Santos de San Pedro, Miguel de los. Santervás de la Vega (Palencia), s. XVI – Madrid, 1633. Obispo de Solsona y virrey de Cataluña bajo el reinado de Felipe IV.
Pertenecía a un linaje de clérigos originariamente natural de las tierras de León. Había estudiado, como hicieran otros miembros de su familia, en el prestigioso Colegio Mayor de Santa Cruz en Valladolid. Ejerció su cargo como virrey del Principado de Cataluña, desde el 3 de febrero de 1627 hasta el 11 de junio de 1629. El 17 de enero de 1627 había recibido la credencial de tal nombramiento, que iba a tener carácter indefinido, y en la misma fecha también como capitán general de la provincia.
Miguel de los Santos se enfrentaba a un período en el que el desencanto de las relaciones políticas existentes entre la clase dirigente catalana y las autoridades reales, comenzaba su agonizante periplo sobre todo tras el fulgurante fracaso de las últimas e inacabadas cortes que había convocado la monarquía en Barcelona en el año 1626. Por su previa condición de obispo de la sede catalana de Solsona, en cuya posesión había entrado en 1624 hallándose el obispado ya bien constituido, vivió con especial interés el resentimiento acumulado por parte del clero de Cataluña como resultado de los cada vez más continuados nombramientos de obispos castellanos para algunas de las más competidas sedes.

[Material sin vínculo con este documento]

lemma antiperiodic_zero_free_interval:
  fixes a :: "real \<Rightarrow> real"
  assumes cont: "continuous_on UNIV a" and antiperiodic: "\<And>s. a (s + l) = - a s"
    and "0 \<le> l" "a s \<noteq> 0"
  obtains s0 s1 where "s0 < s" "s < s1" "a s0 = 0" "a s1 = 0" "\<And>x. x \<in> {s0<..<s1} \<Longrightarrow> a x \<noteq> 0"
proof -
  let ?Z = "{z. a z = 0}"
  have "closed ?Z" using cont by (intro closed_Collect_eq continuous_on_const) auto
  then have compact: "compact ({s..s + l} \<inter> ?Z)" "compact ({s - l..s} \<inter> ?Z)" by auto
  have "{s..s + l} \<inter> ?Z \<noteq> {}" "{s - l..s} \<inter> ?Z \<noteq> {}"
    using antiperiodic_has_zero[OF cont antiperiodic \<open>0 \<le> l\<close>, of s]
      antiperiodic_has_zero[OF cont antiperiodic[of "s - l"] \<open>0 \<le> l\<close>] by auto
  then obtain s1 s0 where
    s1: "s1 \<in> {s..s + l} \<inter> ?Z" "\<And>z. z \<in> {s..s + l} \<inter> ?Z \<Longrightarrow> s1 \<le> z" and
    s0: "s0 \<in> {s - l..s} \<inter> ?Z" "\<And>z. z \<in> {s - l..s} \<inter> ?Z \<Longrightarrow> z \<le> s0"
    using compact_attains_inf[OF compact(1)] compact_attains_sup[OF compact(2)] by metis
  have "s0 < s" "s < s1" using s0(1) s1(1) \<open>a s \<noteq> 0\<close> by (auto simp: order.order_iff_strict)
  moreover have "a x \<noteq> 0" if x: "x \<in> {s0<..<s1}" for x
  proof
    assume "a x = 0"
    show False
    proof (cases "s \<le> x")
      case True
      then have "s1 \<le> x" using s1 x \<open>a x = 0\<close> by auto
      then show False using x by simp
    next
      case False
      then have "x \<le> s0" using s0 x \<open>a x = 0\<close> by auto
      then show False using x by simp
    qed
  qed
  ultimately show thesis using that s0(1) s1(1) by blast
qed

definition fC_derivative :: "real \<times> real \<Rightarrow> real \<times> real \<Rightarrow> real^3" where
  "fC_derivative z v = vector [6 * (fst z)\<^sup>2 * fst v, - 6 * fst z * fst v, snd v]"

lemma vector_3_eq_sum_axis:
  "(vector [a, b, c] :: real^3) = a *\<^sub>R axis 1 1 + b *\<^sub>R axis 2 1 + c *\<^sub>R axis 3 1"
  by (simp add: vec_eq_iff forall_3 axis_def)

lemma has_derivative_fC: "(fC has_derivative fC_derivative z) (at z)"
proof -
  have fC_eq: "fC = (\<lambda>z. (2 * fst z ^ 3) *\<^sub>R axis 1 1 + (- 3 * (fst z)\<^sup>2) *\<^sub>R axis 2 1
      + snd z *\<^sub>R axis 3 1)"
    by (auto simp: fC_def vector_3_eq_sum_axis)
  show ?thesis
    unfolding fC_eq fC_derivative_def[abs_def] vector_3_eq_sum_axis
    by (auto intro!: derivative_eq_intros ext simp: power2_eq_square algebra_simps)
qed

lemma fC_derivative_nth_3 [simp]: "fC_derivative z v $ 3 = snd v"
  by (simp add: fC_derivative_def)

lemma two_le_dim_range_fC_derivative:
  assumes "fst z \<noteq> 0"
  shows "2 \<le> dim (range (fC_derivative z))"
proof (rule two_le_dim_if_independent_pair)
  fix c d assume "c *\<^sub>R fC_derivative z (1, 0) + d *\<^sub>R fC_derivative z (0, 1) = 0"
  then have "c * (6 * (fst z)\<^sup>2) = 0" "d = 0"
    by (auto simp: fC_derivative_def vec_eq_iff forall_3)
  then show "c = 0 \<and> d = 0" using assms by simp
qed auto

lemma fst_eq_0_if_fC_derivative_factors_rank_lt_2:
  fixes L :: "real^3 \<Rightarrow> real^3" and M :: "real \<times> real \<Rightarrow> real^3" and P :: "real \<times> real \<Rightarrow> real \<times> real"
  assumes factor: "L \<circ> M = fC_derivative z \<circ> P" and "linear L" "surj P" "dim (range M) < 2"
  shows "fst z = 0"
proof (rule ccontr)
  assume "fst z \<noteq> 0"
  have "range (fC_derivative z) = range (L \<circ> M)"
    using \<open>surj P\<close> by (simp only: factor image_comp[symmetric])
  also have "dim \<dots> \<le> dim (range M)"
    using dim_image_le[OF \<open>linear L\<close>, of "range M"] by (simp add: image_comp)
  finally show False
    using two_le_dim_range_fC_derivative[OF \<open>fst z \<noteq> 0\<close>] \<open>dim (range M) < 2\<close> by simp
qed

Durante sus años en el obispado, demostró contar con cierto instinto de gobierno, elaborando un código legislativo y unas constituciones sinodiales que prácticamente han llegado hasta la actualidad. En la Catedral de Solsona, impulsó la finalización de la construcción de su nave gótica y mandó edificar el ábside. En otro orden de cosas, durante su virreinato, las difíciles relaciones entre el poder real y la jurisdicción eclesiástica se extendió a toda clase de instituciones clericales, hasta el punto de que él mismo como obispo no había dudado en nombrar a un castellano para una canonjía vacante en su iglesia. Paralelamente, el ámbito eclesiástico adolecía de buena reputación: en algunas abadías eran frecuentes los disturbios y la inmoralidad de sus costumbres.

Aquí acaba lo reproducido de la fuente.